От этих неожиданно жестких слов Роберу, таящемуся рядом с местом разворачивающейся трагедии, стало не по себе. Хлоя, милая Хлоя, юная Хлоя, испуганная девчонка, которая еще вчера, казалось, смирилась со своей ролью жертвы, сегодня вдруг обрела голос Дракона. А драконы немногословны, как правило — кому, как не Роберу, это знать?..
Не вступая более в полемику с Мишелем, который, казалось, был обескуражен такой разительной переменой, произошедшей с его юной наивной женой, Хлоя чуть обернулась назад и щелкнула пальцами, словно подзывая собак. Из-за высоких кустов, покрытых яркими большими цветами, выступили двое мечников — личная охрана Хлои, — и Мишель побледнел и затрясся.
— Любимая! — взвизгнул он. Паника накрыла его с головой, от страха он даже не посмел сопротивляться, когда эти двое ухватили его под руки. — Это все ошибка! Неправда! Ложь! Ты думаешь, зачем я проделал весь этот путь?!
Хлоя молчала, все так же неподвижно стоя, сложив руки на животе.
«Береги мою честь…»
«Как поступил бы Дракон, — вдруг промелькнуло в голове у Робера, — узнай он, что на его женщину покусился другой?..»

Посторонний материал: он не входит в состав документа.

lemma nonneg_form_pos_on_ker_orthogonal:
  obtains m where "m > 0"
    "\<And>r. (\<forall>b\<in>form_ker w. orthogonal r b) \<Longrightarrow> m * (norm r)\<^sup>2 \<le> Re (w r r)"
proof -
  note s = nonneg_form_sesquilinear
  define S where "S = {r. norm r = 1 \<and> (\<forall>b\<in>form_ker w. orthogonal r b)}"
  have pos: "Re (w r r) > 0" if "r \<in> S" for r
  proof (rule ccontr)
    assume "\<not> Re (w r r) > 0"
    then have "r \<in> form_ker w"
      using nonneg_form_Re_nonneg[of r] nonneg_form_null_imp_ker by force
    with that show False
      by (auto simp: S_def orthogonal_def)
  qed
  obtain m where m: "m > 0" "\<And>r. r \<in> S \<Longrightarrow> m \<le> Re (w r r)"
  proof (cases "S = {}")
    case False
    have "S = sphere 0 1 \<inter> (\<Inter>b\<in>form_ker w. {x. b \<bullet> x = 0})"
      unfolding S_def by (auto simp: orthogonal_def inner_commute)
    then have "compact S"
      by (simp add: compact_eq_bounded_closed closed_Int closed_INT closed_hyperplane bounded_Int)
    moreover have "continuous_on S (\<lambda>r. Re (w r r))"
      using sesquilinear_imp_bilinear[OF s, unfolded bilinear_conv_bounded_bilinear]
      by (intro continuous_on_Re bounded_bilinear.continuous_on[of w] continuous_on_id)
    ultimately obtain r0 where "r0 \<in> S" "\<forall>r\<in>S. Re (w r0 r0) \<le> Re (w r r)"
      using continuous_attains_inf[of S "\<lambda>r. Re (w r r)"] False by blast
    with pos that show ?thesis
      by blast
  qed (use that[of 1] in simp)
  show ?thesis
  proof (rule that[OF m(1)])
    fix r assume orth: "\<forall>b\<in>form_ker w. orthogonal r b"
    show "m * (norm r)\<^sup>2 \<le> Re (w r r)"
    proof (cases "r = 0")
      case False
      have "(1 / norm r) *\<^sub>R r \<in> S"
        using False orth by (auto simp: S_def orthogonal_def)
      then have "m \<le> Re (w ((1 / norm r) *\<^sub>R r) ((1 / norm r) *\<^sub>R r))"
        by (rule m(2))
      also have "\<dots> = Re (w r r) / (norm r)\<^sup>2"
        by (simp add: scaleR_eq_of_real_smult sesquilinear_smult[OF s] power2_eq_square)
      finally show ?thesis
        using False by (simp add: field_simps)
    qed (simp add: sesquilinear_zero[OF s])
  qed
qed

lemma nonneg_form_coercive:
  obtains m where "m > 0" "\<And>f. \<exists>a\<in>form_ker w. m * (norm (f - a))\<^sup>2 \<le> Re (w f f)"
proof -
  obtain m where m: "m > 0"
    "\<And>r. (\<forall>b\<in>form_ker w. orthogonal r b) \<Longrightarrow> m * (norm r)\<^sup>2 \<le> Re (w r r)"
    using nonneg_form_pos_on_ker_orthogonal by blast
  have "\<exists>a\<in>form_ker w. m * (norm (f - a))\<^sup>2 \<le> Re (w f f)" for f
  proof -
    have "span (form_ker w) = form_ker w"
      using form_ker_subspace[OF nonneg_form_sesquilinear] by simp
    then obtain a r where a: "a \<in> form_ker w" "f = a + r" and "\<forall>b\<in>form_ker w. orthogonal r b"
      using orthogonal_subspace_decomp_exists[of "form_ker w" f] by metis
    then have "m * (norm r)\<^sup>2 \<le> Re (w (a + r) (a + r))"
      using m(2) nonneg_form_add_ker by simp
    with a show ?thesis
      by (intro bexI[of _ a]) simp_all
  qed
  with m(1) that show ?thesis
    by blast
qed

Упирающегося Мишеля вытащили из беседки и вытащили на дорожку, и Робер, чуть сместившийся, чтобы лучше видеть, с содроганием заметил то, что раньше было закрыто от его взора зелеными побегами и густыми листьями — стул.
Стул с живым камнем.
— Меня в этом доме, — четко произнесла Хлоя, яростно глядя в лицо обомлевшего Мишеля, — поприветствовали этим. Я тоже с тобой так поздороваюсь.

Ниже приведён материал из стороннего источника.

lemma admissible_of_equivariant_injection:
  assumes "group G" and "finite (carrier G)" and \<rho>: "isometric_linear_action G \<rho>"
    and H: "H \<subseteq> carrier G" and "finite T" and \<phi>: "\<forall>h\<in>H. bij_betw (\<phi> h) T T"
    and "inj_on f T" and "\<And>h t. h \<in> H \<Longrightarrow> t \<in> T \<Longrightarrow> f (\<phi> h t) = \<rho> h (f t)"
  shows "admissible_DU G \<rho> H T \<phi>"
proof -
  have lin: "linear (\<rho> h)" if "h \<in> H" for h
    using \<rho> H that by (auto simp: isometric_linear_action_def)
  obtain p where p_inj: "inj_on p T"
    and p_equiv: "\<forall>h\<in>H. \<forall>t\<in>T. p (\<phi> h t) = \<rho> h (p t)"
    and p_small: "\<forall>t\<in>T. norm (p t) \<le> 1/2"
    using equivariant_injection_into_half_ball[of T f H \<phi> \<rho>, OF \<open>finite T\<close> assms(7,8) lin]
    by blast
  define V where "V = span ((\<lambda>(g, x). \<rho> g x) ` (carrier G \<times> p ` T))"
  have V_rep: "fin_subrep G \<rho> V"
    unfolding V_def using fin_subrep_span_orbits assms(1-3,5) by blast
  have p_V: "p t \<in> V" if "t \<in> T" for t
    using subset_span_orbits[OF assms(1) \<rho>, of "p ` T"] that by (auto simp: V_def)
  obtain \<delta> where "\<delta> > 0" and \<delta>: "\<forall>x\<in>p ` T. \<forall>y\<in>p ` T. x \<noteq> y \<longrightarrow> \<delta> \<le> dist x y"
    using finite_set_separated[of "p ` T"] \<open>finite T\<close> by blast
  define r where "r = min 1 \<delta> / 3"
  have r: "0 < r" "r \<le> 1/2" using \<open>\<delta> > 0\<close> by (auto simp: r_def)
  have r_sep: "2 * r < norm (p s - p t)" if "s \<in> T" "t \<in> T" "s \<noteq> t" for s t
  proof -
    have "p s \<noteq> p t" using p_inj that by (auto dest: inj_onD)
    then have "\<delta> \<le> norm (p s - p t)" using \<delta> that by (simp add: dist_norm)
    then show ?thesis using \<open>\<delta> > 0\<close> by (simp add: r_def)
  qed
  obtain e where e: "bij_betw e T {..<card T}"
    using finite_same_card_bij[of T "{..<card T}"] \<open>finite T\<close> by auto
  have e_inv: "inv_into T e i \<in> T" "e (inv_into T e i) = i" if "i < card T" for i
    using that e by (auto simp: bij_betw_def inv_into_into f_inv_into_f)
  define c where "c = map (\<lambda>i. (r, p (inv_into T e i))) [0..<card T]"
  have c_length: "length c = card T" by (simp add: c_def)
  have "c \<in> DV V (card T)"
    unfolding c_def
  proof (rule equal_disks_in_DV[OF fin_subrep_subspace[OF V_rep] r])
    show "p (inv_into T e i) \<in> V \<and> norm (p (inv_into T e i)) \<le> 1/2" if "i < card T" for i
      using p_V p_small e_inv(1)[OF that] by blast
    show "2 * r < norm (p (inv_into T e i) - p (inv_into T e j))"
      if "i < card T" "j < card T" "i \<noteq> j" for i j
      using r_sep e_inv that by metis
  qed
  then have "c \<in> DU G \<rho> (card T)" using V_rep by (auto simp: DU_def)
  moreover have c_e: "c ! e t = (r, p t)" if "t \<in> T" for t
  proof -
    have "e t < card T" using bij_betwE[OF e] that by blast
    then show ?thesis using bij_betw_inv_into_left[OF e that] by (simp add: c_def)
  qed
  have "\<forall>h\<in>H. \<forall>t\<in>T. c ! e (\<phi> h t) = (fst (c ! e t), \<rho> h (snd (c ! e t)))"
  proof (intro ballI)
    fix h t assume "h \<in> H" "t \<in> T"
    then have "\<phi> h t \<in> T" using \<phi> by (auto dest: bij_betwE)
    then show "c ! e (\<phi> h t) = (fst (c ! e t), \<rho> h (snd (c ! e t)))"
      using c_e \<open>h \<in> H\<close> \<open>t \<in> T\<close> p_equiv by simp
  qed
  then have "\<forall>(h, \<sigma>) \<in> Gamma_T H T e \<phi>. act_GSigma \<rho> h \<sigma> c = c"
    by (rule iffD2[OF Gamma_T_fixed_iff[OF e \<phi> c_length]])
  ultimately show ?thesis using e by (auto simp: admissible_DU_def)
qed

theorem mainTheorem8:
  fixes G :: "('g, 'm) monoid_scheme" and \<rho> :: "'g \<Rightarrow> 'u::real_inner \<Rightarrow> 'u"
    and H :: "'g set" and T :: "'t set" and \<phi> :: "'g \<Rightarrow> 't \<Rightarrow> 't"
  assumes "group G" and "finite (carrier G)" and "G_universe G \<rho>"
    and "subgroup H G"
    and "finite T" and "group_action (G\<lparr>carrier := H\<rparr>) T \<phi>"
  shows "admissible_DU G \<rho> H T \<phi> \<longleftrightarrow>
         (\<exists>f :: 't \<Rightarrow> 'u. inj_on f T \<and> (\<forall>h\<in>H. \<forall>t\<in>T. f (\<phi> h t) = \<rho> h (f t)))"
proof -
  have \<phi>: "\<forall>h\<in>H. bij_betw (\<phi> h) T T"
    using group_action.bij_prop0[OF assms(6)] by (simp add: Bij_def)
  have "isometric_linear_action G \<rho>" using assms(3) by (simp add: G_universe_def)
  moreover have "H \<subseteq> carrier G" using assms(4) by (rule subgroup.subset)
  ultimately show ?thesis
    using equivariant_injection_of_admissible[OF _ \<phi>]
      admissible_of_equivariant_injection[OF assms(1,2) _ _ assms(5) \<phi>] by blast
qed

end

В ее тихом голосе, почти перешедшем в шепот, послышалась такая кровожадность, что и Дракон позавидовал бы, и Мишель завопил и забился в руках удерживающих его телохранителей Хлои.
— Нет, нет, нет! — орал он, но Хлоя лишь мотнула головой, глаза ее решительно сверкнули.

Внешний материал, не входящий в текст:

lemma interval_path_no_three_at_zero:
  assumes "interval_path m lo hi"
    and "i1 < m" "i2 < m" "i3 < m" "distinct [i1, i2, i3]"
    and "lo i1 = 0" "lo i2 = 0" "lo i3 = 0"
  shows False
  using assms interval_path_three_at_zero_sorted[OF assms(1)]
  by (metis distinct_length_2_or_more distinct_singleton linorder_neqE_nat)

section \<open>Positions on the cycle\<close>

lemma pos_nth: "distinct cs \<Longrightarrow> i < length cs \<Longrightarrow> pos cs (cs ! i) = i"
  unfolding pos_def by (rule the_equality) (auto simp: nth_eq_iff_index_eq)

lemma pos_in_set:
  assumes "x \<in> set cs" "distinct cs"
  shows "pos cs x < length cs" "cs ! pos cs x = x"
proof -
  obtain i where "i < length cs" "cs ! i = x" using assms(1) by (auto simp: in_set_conv_nth)
  then show "pos cs x < length cs" "cs ! pos cs x = x" using pos_nth[OF assms(2)] by auto
qed

lemma pos_inj: "distinct cs \<Longrightarrow> x \<in> set cs \<Longrightarrow> y \<in> set cs \<Longrightarrow> pos cs x = pos cs y \<Longrightarrow> x = y"
  by (metis pos_in_set(2))

lemma sets_alternate_pairs:
  assumes "a \<noteq> b" "c \<noteq> d"
  shows "sets_alternate cs {a, b} {c, d} \<longleftrightarrow> pairs_alternate cs a b c d"
proof
  have swap1: "pairs_alternate cs x y u w \<Longrightarrow> pairs_alternate cs y x u w" for x y u w
    unfolding pairs_alternate_def in_arc_def by (auto simp: min.commute max.commute)
  have swap2: "pairs_alternate cs x y u w \<Longrightarrow> pairs_alternate cs x y w u" for x y u w
    unfolding pairs_alternate_def by auto
  assume "sets_alternate cs {a, b} {c, d}"
  then obtain x y u w where xy: "x \<in> {a, b}" "y \<in> {a, b}" "u \<in> {c, d}" "w \<in> {c, d}"
    and p: "pairs_alternate cs x y u w" unfolding sets_alternate_def by blast
  have "x \<noteq> y" "u \<noteq> w" using p unfolding pairs_alternate_def by auto
  then have "(x = a \<and> y = b \<or> x = b \<and> y = a) \<and> (u = c \<and> w = d \<or> u = d \<and> w = c)"
    using xy by auto
  then show "pairs_alternate cs a b c d" using p swap1 swap2 by metis
next
  assume "pairs_alternate cs a b c d"
  then show "sets_alternate cs {a, b} {c, d}" unfolding sets_alternate_def by blast
qed

definition rot_pos :: "'a list \<Rightarrow> nat \<Rightarrow> 'a set \<Rightarrow> nat set" where
  "rot_pos cs s A = (\<lambda>x. rot (length cs) s (pos cs x)) ` A"

lemma Min_rot_pos_self:
  assumes "finite A" "v \<in> A"
  shows "Min (rot_pos cs (pos cs v) A) = 0"
proof -
  have "0 \<in> rot_pos cs (pos cs v) A"
    using assms(2) rot_self[of "length cs" "pos cs v"] unfolding rot_pos_def by (metis image_eqI)
  moreover have "finite (rot_pos cs (pos cs v) A)" unfolding rot_pos_def using assms(1) by simp
  ultimately show ?thesis using Min_le[of "rot_pos cs (pos cs v) A" 0] by simp
qed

— Усадить, — жестко велела она, и на Мишеле были с треском порваны штаны.
Громкий вопль прокатился по саду, оглушая своим нечеловеческим ужасом похолодевшего Робера, упавшего ничком в рыхлую землю. Он уткнулся лицом в мягкие комья и, сам того не замечая, грыз, жевал их, покуда этот вопль, полный боли, страдания, то срывающийся на визг, то разваливающийся на громкие рыдания, терзал его слух.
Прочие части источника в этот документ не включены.